Here is the 19th century bandstand on the Plaza de Armas

I exited my bus on the Calle 16 de Septiembre and found myself on the Plaza de Armas, the city’s main square, just south of the Cathedral. The square is anchored by a delicately ornamented bandstand made of French ironwork that was bought by Mexican president Porfirio Diaz in 1885. At the north end of the square is the monumental cathedral which was begun in 1558 and consecrated in 1616. The two asymmetrical towers were built in the mid 1800s after two earthquakes in 1the 700s and 1800s had destroyed the original façade and towers. A range of architectural styles, from Gothic to Baroque, Moorish and Neoclassical are represented in this building.


One of the memorials that is part of the "Rotunda de los Hombres Ilustres"

To get to know the city better, I decided to join one of the double-decker sightseeing tours called Tapatío Tours. “Tapatío” is incidentally a nickname for a person from Guadalajara. The red buses were stationed in an attractive park called the “Rotunda de Los Hombres Ilustres” which features a mausoleum of important personalities from the state of Jalisco right next to the cathedral. I managed to score a seat upstairs right in front of the bus, and to the right of me was a retired couple from New Orleans. The older gentleman started a conversation with me and indicated that he has been living for about one and a half years now in the Lake Chapala region, a popular retirement destination for Americans and Canadians which is less than an hour south of Guadalajara.


Views from the sightseeing bus

This was an area I was planning to visit myself this week so I paid close attention to what he was telling me. In his thick southern accent he told me that he loved living in Mexico. He described the Lake Chapala region as safe and beautiful and even raved about the local Mexican healthcare, which costs him only $325 a year. His hobbies in his retirement paradise include line dancing as well as dancing classes to learn cumbia and salsa. As the bus started moving, he added that he would never go back to the United States; this statement told me how much he was enjoying his retirement in Mexico.

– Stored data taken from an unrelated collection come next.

(* Let $x,y,z\in\mathbb{C}^*$ with $x^N+y^N=z^N$. Then for all $k,l\in\mathbb{Z}$ (whenever both sides are defined), $$\omega(x,y,z\,|\,k-l)=\frac{\omega^{kl}\,\omega^{-\frac{l^2}{2}-\frac{k^2}{2}}}{\omega\big(z,\,-\omega^{1/2}y,\,\omega x\,\big|\,l-k\big)}.$$
   Context: $N\ge3$ odd, $N=2P+1$, $\omega=e^{2\pi i/N}$; for integers $r$, $\omega^{r/2}:=(\omega^{P+1})^r$ (so $\omega^{1/2}=\omega^{P+1}=-e^{i\pi/N}$). For $x,y,z\in\mathbb{C}^*$ with $x^N+y^N=z^N$ and $n\in\{0,\dots,N-1\}$, $\omega(x,y,z|n)=\prod_{j=1}^n\frac{y}{z-x\omega^j}$; since the product over $j=1,\dots,N$ equals $1$, this is extended $N$-periodically to $n\in\mathbb{Z}$. (Note $z^N+(-\omega^{1/2}y)^N=(\omega x)^N$.) *)

theory Defs
  imports "HOL-Analysis.Analysis"
begin

definition root_N :: "nat \<Rightarrow> complex" where
  "root_N N = exp (2 * of_real pi * \<i> / of_nat N)"

text \<open>Half-integer powers: omega^(r/2) := (omega^(P+1))^r for N = 2P+1, r integer.\<close>
definition half_pow :: "nat \<Rightarrow> int \<Rightarrow> complex" where
  "half_pow N r = (root_N N ^ (N div 2 + 1)) powi r"

text \<open>omega(x,y,z|n) = prod_{j=1}^{n mod N} y/(z - x omega^j), the N-periodic extension
  of the product defined for n in {0..N-1}.\<close>
definition fermat_omega :: "nat \<Rightarrow> complex \<Rightarrow> complex \<Rightarrow> complex \<Rightarrow> int \<Rightarrow> complex" where
  "fermat_omega N x y z n =
     (\<Prod>j\<in>{1..nat (n mod int N)}. y / (z - x * root_N N ^ j))"

end

theory Submission
  imports Defs "HOL-Computational_Algebra.Polynomial"
begin

text \<open>Write \<open>h = \<omega>\<^sup>1\<^sup>/\<^sup>2\<close>, so that \<open>h\<^sup>2 = \<omega>\<close> and \<open>h\<^sup>N = 1\<close>. Under the substitution \<open>j \<mapsto> N + 1 - j\<close>,
  the \<open>j\<close>-th factor of \<open>\<omega>(z, -h y, \<omega> x | \<cdot>)\<close> becomes \<open>h^(1 - 2j)\<close> times the factor
  \<open>y / (z - x \<omega>^(N + 1 - j))\<close> of \<open>\<omega>(x, y, z | \<cdot>)\<close>. As the odd numbers sum to squares,
  \<open>\<omega>(z, -h y, \<omega> x | -n)\<close> is therefore \<open>h^(-n\<^sup>2)\<close> times the product of those factors of
  \<open>\<omega>(x, y, z | \<cdot>)\<close> that do not occur in \<open>\<omega>(x, y, z | n)\<close>; and the product of all \<open>N\<close> factors
  is 1 because \<open>\<Prod>\<^sub>j (z - x \<omega>^j) = z\<^sup>N - x\<^sup>N = y\<^sup>N\<close>. Hence
  \<open>\<omega>(x, y, z | n) \<omega>(z, -h y, \<omega> x | -n) = h^(-n\<^sup>2)\<close>, and for \<open>n = k - l\<close> the numerator
  \<open>\<omega>^(kl) h^(-l\<^sup>2) h^(-k\<^sup>2)\<close> is exactly \<open>h^(-(k - l)\<^sup>2)\<close>.\<close>

lemma power_int_mod_order:
  fixes u :: "'a::division_ring"
  assumes "u ^ N = 1"
  shows "u powi a = u powi (a mod int N)"
proof (cases "N = 0")
  case False
  then have "u \<noteq> 0" using assms by (metis power_0_left zero_neq_one)
  then have "u powi a = u powi (int N * (a div int N)) * u powi (a mod int N)"
    by (metis div_mult_mod_eq mult.commute power_int_add)
  also have "u powi (int N * (a div int N)) = 1"
    by (simp add: power_int_mult assms)
  finally show ?thesis by simp
qed simp

lemma prod_power_int_odd:
  fixes u :: "'a::field"
  assumes "u \<noteq> 0"
  shows "(\<Prod>j\<in>{1..m}. u powi (1 - 2 * int j)) = u powi (- (int m ^ 2))"
proof (induction m)
  case (Suc m)
  have "(\<Prod>j\<in>{1..Suc m}. u powi (1 - 2 * int j))
      = u powi (- (int m ^ 2)) * u powi (1 - 2 * int (Suc m))"
    using Suc by simp
  also have "\<dots> = u powi (- (int m ^ 2) + (1 - 2 * int (Suc m)))"
    by (simp only: power_int_add[OF disjI1[OF assms]])
  also have "- (int m ^ 2) + (1 - 2 * int (Suc m)) = - (int (Suc m) ^ 2)"
    by (simp add: power2_eq_square algebra_simps)
  finally show ?case .
qed simp

lemma root_N_power: "root_N N ^ j = exp (2 * of_real pi * \<i> * of_nat j / of_nat N)"
  unfolding root_N_def by (metis exp_of_nat_mult times_divide_eq_right mult.commute)

lemma root_N_power_N: "N \<noteq> 0 \<Longrightarrow> root_N N ^ N = 1"
  by (simp add: root_N_power complex_root_unity)

lemma root_N_nonzero [simp]: "root_N N \<noteq> 0"
  by (simp add: root_N_def)

lemma inj_on_root_N_power:
  assumes "N \<noteq> 0"
  shows "inj_on (\<lambda>i. root_N N ^ i) {1..N}"
proof (rule inj_onI)
  fix i j assume "i \<in> {1..N}" "j \<in> {1..N}" "root_N N ^ i = root_N N ^ j"
  moreover from this have "i mod N = j mod N"
    using assms complex_root_unity_eq[of N i j] by (simp add: root_N_power)
  ultimately show "i = j"
    by (cases "i = N"; cases "j = N") auto
qed

lemma prod_root_N_linear_factors:
  assumes "N \<noteq> 0"
  shows "(\<Prod>i\<in>{1..N}. t - root_N N ^ i) = t ^ N - 1"
proof -
  define p where "p = (\<Prod>i\<in>{1..N}. [:- (root_N N ^ i), 1:])"
  define q :: "complex poly" where "q = monom 1 N - 1"
  have "p = q"
  proof (rule poly_eqI_degree_lead_coeff[where n = N and A = "(\<lambda>i. root_N N ^ i) ` {1..N}"])
    have deg: "degree p = N" unfolding p_def by (subst degree_prod_sum_eq) auto
    have "lead_coeff p = 1" unfolding p_def by (simp add: lead_coeff_prod)
    then show "coeff p N = coeff q N" using deg assms by (simp add: q_def)
    show "card ((\<lambda>i. root_N N ^ i) ` {1..N}) \<ge> N"
      using card_image[OF inj_on_root_N_power[OF assms]] by simp
    show "degree p \<le> N" using deg by simp
    show "degree q \<le> N" unfolding q_def by (intro degree_diff_le) (auto simp: degree_monom_le)
    show "poly p u = poly q u" if "u \<in> (\<lambda>i. root_N N ^ i) ` {1..N}" for u
    proof -
      from that obtain i where i: "i \<in> {1..N}" "u = root_N N ^ i" by auto
      have "poly p u = 0" unfolding p_def poly_prod using i by (intro prod_zero) auto
      moreover have "u ^ N = (root_N N ^ N) ^ i"
        using i by (simp add: mult.commute flip: power_mult)
      then have "poly q u = 0"
        using root_N_power_N[OF assms] by (simp add: q_def poly_monom)
      ultimately show ?thesis by simp
    qed
  qed
  then have "poly p t = poly q t" by simp
  then show ?thesis unfolding p_def q_def by (simp add: poly_prod poly_monom)
qed

lemma half_pow_eq_power_int: "half_pow N r = half_pow N 1 powi r"
  by (simp add: half_pow_def)

lemma half_pow_nonzero [simp]: "half_pow N r \<noteq> 0"
  by (simp add: half_pow_def)

lemma half_pow_one: "half_pow N 1 = root_N N ^ (N div 2 + 1)"
  by (simp add: half_pow_def)

lemma half_pow_squared:
  assumes "odd N"
  shows "half_pow N 1 ^ 2 = root_N N"
proof -
  have "(N div 2 + 1) * 2 = Suc N" using odd_two_times_div_two_succ[OF assms] by simp
  then have "half_pow N 1 ^ 2 = root_N N * root_N N ^ N"
    by (simp only: half_pow_one flip: power_mult power_Suc)
  also have "\<dots> = root_N N" using assms by (simp add: root_N_power_N odd_pos)
  finally show ?thesis .
qed

lemma half_pow_power_N:
  assumes "odd N"
  shows "half_pow N 1 ^ N = 1"
proof -
  have "half_pow N 1 ^ N = (root_N N ^ N) ^ (N div 2 + 1)"
    by (simp only: half_pow_one mult.commute flip: power_mult)
  also have "\<dots> = 1" using assms by (simp add: root_N_power_N odd_pos)
  finally show ?thesis .
qed

lemma prod_fermat_factors_period:
  assumes "N \<noteq> 0" "x \<noteq> 0" "y \<noteq> 0" "x ^ N + y ^ N = z ^ N"
  shows "(\<Prod>i\<in>{1..N}. y / (z - x * root_N N ^ i)) = 1"
proof -
  have "(\<Prod>i\<in>{1..N}. z - x * root_N N ^ i) = (\<Prod>i\<in>{1..N}. x * (z / x - root_N N ^ i))"
    using assms(2) by (intro prod.cong) (auto simp: field_simps)
  also have "\<dots> = x ^ N * (\<Prod>i\<in>{1..N}. z / x - root_N N ^ i)"
    by (simp add: prod.distrib)
  also have "\<dots> = z ^ N - x ^ N"
    unfolding prod_root_N_linear_factors[OF assms(1)] using assms(2)
    by (simp add: field_simps)
  also have "\<dots> = y ^ N" using assms(4) by (simp add: algebra_simps)
  finally show ?thesis using assms(3) by (simp add: prod_dividef)
qed

lemma half_pow_power_int_cong:
  assumes "odd N" "a mod int N = b mod int N"
  shows "half_pow N 1 powi a = half_pow N 1 powi b"
  using power_int_mod_order[OF half_pow_power_N[OF assms(1)]] assms(2) by metis

lemma fermat_factor_reflect:
  assumes "odd N" "j \<in> {1..N}"
  shows "- half_pow N 1 * y / (root_N N * x - z * root_N N ^ j)
    = half_pow N 1 powi (1 - 2 * int j) * (y / (z - x * root_N N ^ (N + 1 - j)))"
proof -
  define h where "h = half_pow N 1"
  have h_sq: "h ^ 2 = root_N N" unfolding h_def using assms(1) by (rule half_pow_squared)
  have "root_N N ^ j * root_N N ^ (N + 1 - j) = root_N N * root_N N ^ N"
    using assms(2) by (simp flip: power_add)
  also have "\<dots> = root_N N" using assms(1) by (simp add: root_N_power_N odd_pos)
  finally have den: "root_N N * x - z * root_N N ^ j
      = - (root_N N ^ j) * (z - x * root_N N ^ (N + 1 - j))"
    by (simp add: algebra_simps)
  have "root_N N ^ j = h powi (2 * int j)"
    by (simp add: power_int_mult flip: h_sq)
  moreover have "h powi (1 - 2 * int j) = h / h powi (2 * int j)"
    by (simp add: h_def power_int_diff)
  ultimately have "h powi (1 - 2 * int j) = h / root_N N ^ j" by simp
  then show ?thesis
    unfolding den h_def[symmetric] by (simp add: minus_divide_divide)
qed

lemma prod_fermat_factors_reflect:
  assumes "odd N" "m \<le> N"
  shows "(\<Prod>j\<in>{1..m}. - half_pow N 1 * y / (root_N N * x - z * root_N N ^ j))
    = half_pow N 1 powi (- (int m ^ 2)) * (\<Prod>i\<in>{N + 1 - m..N}. y / (z - x * root_N N ^ i))"
proof -
  have "(\<Prod>j\<in>{1..m}. - half_pow N 1 * y / (root_N N * x - z * root_N N ^ j))
      = (\<Prod>j\<in>{1..m}. half_pow N 1 powi (1 - 2 * int j) * (y / (z - x * root_N N ^ (N + 1 - j))))"
    using assms by (intro prod.cong refl fermat_factor_reflect) auto
  also have "\<dots> = (\<Prod>j\<in>{1..m}. half_pow N 1 powi (1 - 2 * int j))
        * (\<Prod>j\<in>{1..m}. y / (z - x * root_N N ^ (N + 1 - j)))"
    by (rule prod.distrib)
  also have "(\<Prod>j\<in>{1..m}. half_pow N 1 powi (1 - 2 * int j)) = half_pow N 1 powi (- (int m ^ 2))"
    by (rule prod_power_int_odd) simp
  also have "(\<Prod>j\<in>{1..m}. y / (z - x * root_N N ^ (N + 1 - j)))
      = (\<Prod>i\<in>{N + 1 - m..N}. y / (z - x * root_N N ^ i))"
    using assms(2)
    by (intro prod.reindex_bij_witness[where i = "\<lambda>i. N + 1 - i" and j = "\<lambda>j. N + 1 - j"]) auto
  finally show ?thesis .
qed

lemma fermat_omega_reflect:
  assumes "odd N" "n mod int N = int r" "r \<noteq> 0"
  shows "fermat_omega N z (- half_pow N 1 * y) (root_N N * x) (- n)
    = half_pow N 1 powi (- (int r ^ 2)) * (\<Prod>i\<in>{r + 1..N}. y / (z - x * root_N N ^ i))"
proof -
  define m where "m = N - r"
  have "r < N" using assms(1,2) by (metis odd_pos of_nat_0_less_iff of_nat_less_iff pos_mod_bound)
  then have "nat (- n mod int N) = m"
    using assms(2,3) by (simp add: m_def zmod_zminus1_eq_if)
  then have "fermat_omega N z (- half_pow N 1 * y) (root_N N * x) (- n)
      = (\<Prod>j\<in>{1..m}. - half_pow N 1 * y / (root_N N * x - z * root_N N ^ j))"
    by (simp only: fermat_omega_def)
  also have "\<dots> = half_pow N 1 powi (- (int m ^ 2))
      * (\<Prod>i\<in>{N + 1 - m..N}. y / (z - x * root_N N ^ i))"
    using assms(1) by (rule prod_fermat_factors_reflect) (simp add: m_def)
  also have "N + 1 - m = r + 1" using \<open>r < N\<close> by (simp add: m_def)
  also have "half_pow N 1 powi (- (int m ^ 2)) = half_pow N 1 powi (- (int r ^ 2))"
  proof (rule half_pow_power_int_cong[OF assms(1)])
    have "- (int m ^ 2) = - (int r ^ 2) + (2 * int r - int N) * int N"
      using \<open>r < N\<close> by (simp add: m_def power2_eq_square algebra_simps)
    then show "- (int m ^ 2) mod int N = - (int r ^ 2) mod int N"
      by (simp only: mod_mult_self1)
  qed
  finally show ?thesis .
qed

lemma fermat_omega_mult_reflect:
  assumes "odd N" "x \<noteq> 0" "y \<noteq> 0" "x ^ N + y ^ N = z ^ N"
  shows "fermat_omega N x y z n * fermat_omega N z (- half_pow N 1 * y) (root_N N * x) (- n)
    = half_pow N 1 powi (- (n ^ 2))"
proof -
  define r where "r = nat (n mod int N)"
  define F where "F i = y / (z - x * root_N N ^ i)" for i
  have "N \<noteq> 0" using assms(1) by (simp add: odd_pos)
  then have r: "n mod int N = int r" "r < N"
    by (simp_all add: r_def nat_less_iff)
  have rhs: "half_pow N 1 powi (- (n ^ 2)) = half_pow N 1 powi (- (int r ^ 2))"
    using assms(1) by (rule half_pow_power_int_cong) (metis r(1) mod_minus_eq power_mod)
  show ?thesis
  proof (cases "r = 0")
    case True
    then have "n mod int N = 0" "- n mod int N = 0"
      using r(1) by (simp_all add: zmod_zminus1_eq_if)
    then show ?thesis unfolding fermat_omega_def rhs r_def by simp
  next
    case False
    have "{1..N} = {1..r} \<union> {r + 1..N}" using r(2) by auto
    then have "(\<Prod>i\<in>{1..r}. F i) * (\<Prod>i\<in>{r + 1..N}. F i) = (\<Prod>i\<in>{1..N}. F i)"
      by (simp add: prod.union_disjoint)
    also have "\<dots> = 1"
      unfolding F_def using \<open>N \<noteq> 0\<close> assms(2-4) by (rule prod_fermat_factors_period)
    finally have "fermat_omega N x y z n * (\<Prod>i\<in>{r + 1..N}. F i) = 1"
      by (simp add: fermat_omega_def F_def r_def)
    then show ?thesis
      unfolding rhs fermat_omega_reflect[OF assms(1) r(1) False] F_def[symmetric]
      by (simp add: mult.left_commute)
  qed
qed

theorem lemma6p2:
  fixes N P :: nat and x y z :: complex and k l :: int
  assumes "N = 2 * P + 1" and "N \<ge> 3"
    and "x \<noteq> 0" and "y \<noteq> 0" and "z \<noteq> 0"
    and "x ^ N + y ^ N = z ^ N"
  shows "fermat_omega N x y z (k - l) =
    (root_N N powi (k * l) * half_pow N (- (l ^ 2)) * half_pow N (- (k ^ 2)))
    / fermat_omega N z (- half_pow N 1 * y) (root_N N * x) (l - k)"
proof -
  define h where "h = half_pow N 1"
  have "odd N" using assms(1) by simp
  have "h \<noteq> 0" by (simp add: h_def)
  have "root_N N powi (k * l) * half_pow N (- (l ^ 2)) * half_pow N (- (k ^ 2))
      = h powi (2 * k * l) * h powi (- (l ^ 2)) * h powi (- (k ^ 2))"
    unfolding h_def half_pow_squared[OF \<open>odd N\<close>, symmetric] half_pow_eq_power_int[of N "- _"]
    by (simp add: power_int_power mult.assoc)
  also have "\<dots> = h powi (2 * k * l + - (l ^ 2) + - (k ^ 2))"
    by (simp only: power_int_add[OF disjI1[OF \<open>h \<noteq> 0\<close>]])
  also have "2 * k * l + - (l ^ 2) + - (k ^ 2) = - ((k - l) ^ 2)"
    by (simp add: power2_eq_square algebra_simps)
  also have "h powi (- ((k - l) ^ 2))
      = fermat_omega N x y z (k - l) * fermat_omega N z (- h * y) (root_N N * x) (l - k)"
    using fermat_omega_mult_reflect[OF \<open>odd N\<close> assms(3,4,6), of "k - l"] by (simp add: h_def)
  finally show ?thesis
    using \<open>h \<noteq> 0\<close> by (auto simp: h_def eq_divide_eq)
qed

end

Guadalajara's Glorieta Minerva from the bus

After spending about a half an hour in very dense traffic in the city’s centre, we finally started moving towards the suburbs of Guadalajara. We passed by the Glorieta Minerva, a roundabout that is adorned by a statue of the Roman goddess Minerva. The fountain has a diameter of 74 metres and is highlighted by the slogan “Justice, wisdom and strength guard this loyal city”. The statue itself measures 8 metres from head to toe and looks straight westwards.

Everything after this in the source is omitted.